* TASK DETAILS:
For each record below, give an exact transcription.

* SOURCE INFORMATION:
(* Fix a set partition $\mathcal B=\{B_1,\dots,B_k\}$ of $[n]$ with $\min B_1<\cdots<\min B_k$, and let $X=\{(i,j): i<j,\ B_i,B_j \text{ nested}\}$. For each $A\subseteq X$ let $W_A$ be the set of packed words $w$ with $\mathrm{setpar}(w)=\mathcal B$, $A\subseteq\mathrm{Inv}(w)$ and $(X\setminus A)\cap\mathrm{Inv}(w)=\emptyset$. Then each nonempty $W_A$ is a connected component of the planar weak order on packed words of length $n$, and every connected component arises this way. Each connected component $W$ is a bounded lattice, order-isomorphic via $\mathrm{delrpt}$ to an interval of the weak order on $S_k$; in particular for $u,w\in W$, $$u\vee w=\mathrm{pw}(\mathcal B,\mathrm{delrpt}(u)\vee\mathrm{delrpt}(w)),\qquad u\wedge w=\mathrm{pw}(\mathcal B,\mathrm{delrpt}(u)\wedge\mathrm{delrpt}(w)).$$
   Context: A packed word is a word $w=w_1\cdots w_n$ of positive integers whose set of letters is $\{1,\dots,m\}$ for some $m$; $w^{-1}(a)=\{p:w_p=a\}$. $\mathrm{iInv}(w)=\{(a,b):a<b,\ \min w^{-1}(a)>\max w^{-1}(b)\}$. $T_a(w)$ swaps the letters $a$ and $a+1$ in $w$. The planar weak order on packed words of length $n$ is the reflexive–transitive closure of: $u$ is covered by $w$ iff $u=T_a(w)$ for some $a$ and $|\mathrm{iInv}(w)|=|\mathrm{iInv}(u)|+1$; connected components are those of its Hasse diagram. $\mathrm{setpar}(w)$ is the set partition of $[n]$ into the nonempty fibres $w^{-1}(a)$. If its blocks are $B_1,\dots,B_k$ with $\min B_1<\cdots<\min B_k$ and $b_i=\min B_i$, then $\mathrm{delrpt}(w)$ is the permutation $w_{b_1}w_{b_2}\cdots w_{b_k}\in S_k$ (first occurrences of each letter) and $\mathrm{Inv}(w)=\{(i,j):i<j,\ w_{b_i}>w_{b_j}\}$. Conversely for such $\mathcal B$ and $\sigma\in S_k$, $\mathrm{pw}(\mathcal B,\sigma)$ is the packed word with letter $\sigma(i)$ at every position of $B_i$. Two blocks $B_i,B_j$ are nested if $\min B_i<\min B_j<\max B_i$. The weak order on $S_k$: $\sigma\le\tau$ iff $\mathrm{Inv}(\sigma)\subseteq\mathrm{Inv}(\tau)$, where $\mathrm{Inv}(\sigma)=\{(i,j):i<j,\sigma(i)>\sigma(j)\}$; it is a lattice with join $\vee$ and meet $\wedge$. *)

theory Defs
  imports Main
begin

* ANSWER TO THIS PROBLEM:
(* Fix a set partition $\mathcal B=\{B_1,\dots,B_k\}$ of $[n]$ with $\min B_1<\cdots<\min B_k$, and let $X=\{(i,j): i<j,\ B_i,B_j \text{ nested}\}$. For each $A\subseteq X$ let $W_A$ be the set of packed words $w$ with $\mathrm{setpar}(w)=\mathcal B$, $A\subseteq\mathrm{Inv}(w)$ and $(X\setminus A)\cap\mathrm{Inv}(w)=\emptyset$. Then each nonempty $W_A$ is a connected component of the planar weak order on packed words of length $n$, and every connected component arises this way. Each connected component $W$ is a bounded lattice, order-isomorphic via $\mathrm{delrpt}$ to an interval of the weak order on $S_k$; in particular for $u,w\in W$, $$u\vee w=\mathrm{pw}(\mathcal B,\mathrm{delrpt}(u)\vee\mathrm{delrpt}(w)),\qquad u\wedge w=\mathrm{pw}(\mathcal B,\mathrm{delrpt}(u)\wedge\mathrm{delrpt}(w)).$$
   Context: A packed word is a word $w=w_1\cdots w_n$ of positive integers whose set of letters is $\{1,\dots,m\}$ for some $m$; $w^{-1}(a)=\{p:w_p=a\}$. $\mathrm{iInv}(w)=\{(a,b):a<b,\ \min w^{-1}(a)>\max w^{-1}(b)\}$. $T_a(w)$ swaps the letters $a$ and $a+1$ in $w$. The planar weak order on packed words of length $n$ is the reflexive–transitive closure of: $u$ is covered by $w$ iff $u=T_a(w)$ for some $a$ and $|\mathrm{iInv}(w)|=|\mathrm{iInv}(u)|+1$; connected components are those of its Hasse diagram. $\mathrm{setpar}(w)$ is the set partition of $[n]$ into the nonempty fibres $w^{-1}(a)$. If its blocks are $B_1,\dots,B_k$ with $\min B_1<\cdots<\min B_k$ and $b_i=\min B_i$, then $\mathrm{delrpt}(w)$ is the permutation $w_{b_1}w_{b_2}\cdots w_{b_k}\in S_k$ (first occurrences of each letter) and $\mathrm{Inv}(w)=\{(i,j):i<j,\ w_{b_i}>w_{b_j}\}$. Conversely for such $\mathcal B$ and $\sigma\in S_k$, $\mathrm{pw}(\mathcal B,\sigma)$ is the packed word with letter $\sigma(i)$ at every position of $B_i$. Two blocks $B_i,B_j$ are nested if $\min B_i<\min B_j<\max B_i$. The weak order on $S_k$: $\sigma\le\tau$ iff $\mathrm{Inv}(\sigma)\subseteq\mathrm{Inv}(\tau)$, where $\mathrm{Inv}(\sigma)=\{(i,j):i<j,\sigma(i)>\sigma(j)\}$; it is a lattice with join $\vee$ and meet $\wedge$. *)

theory Defs
  imports Main
begin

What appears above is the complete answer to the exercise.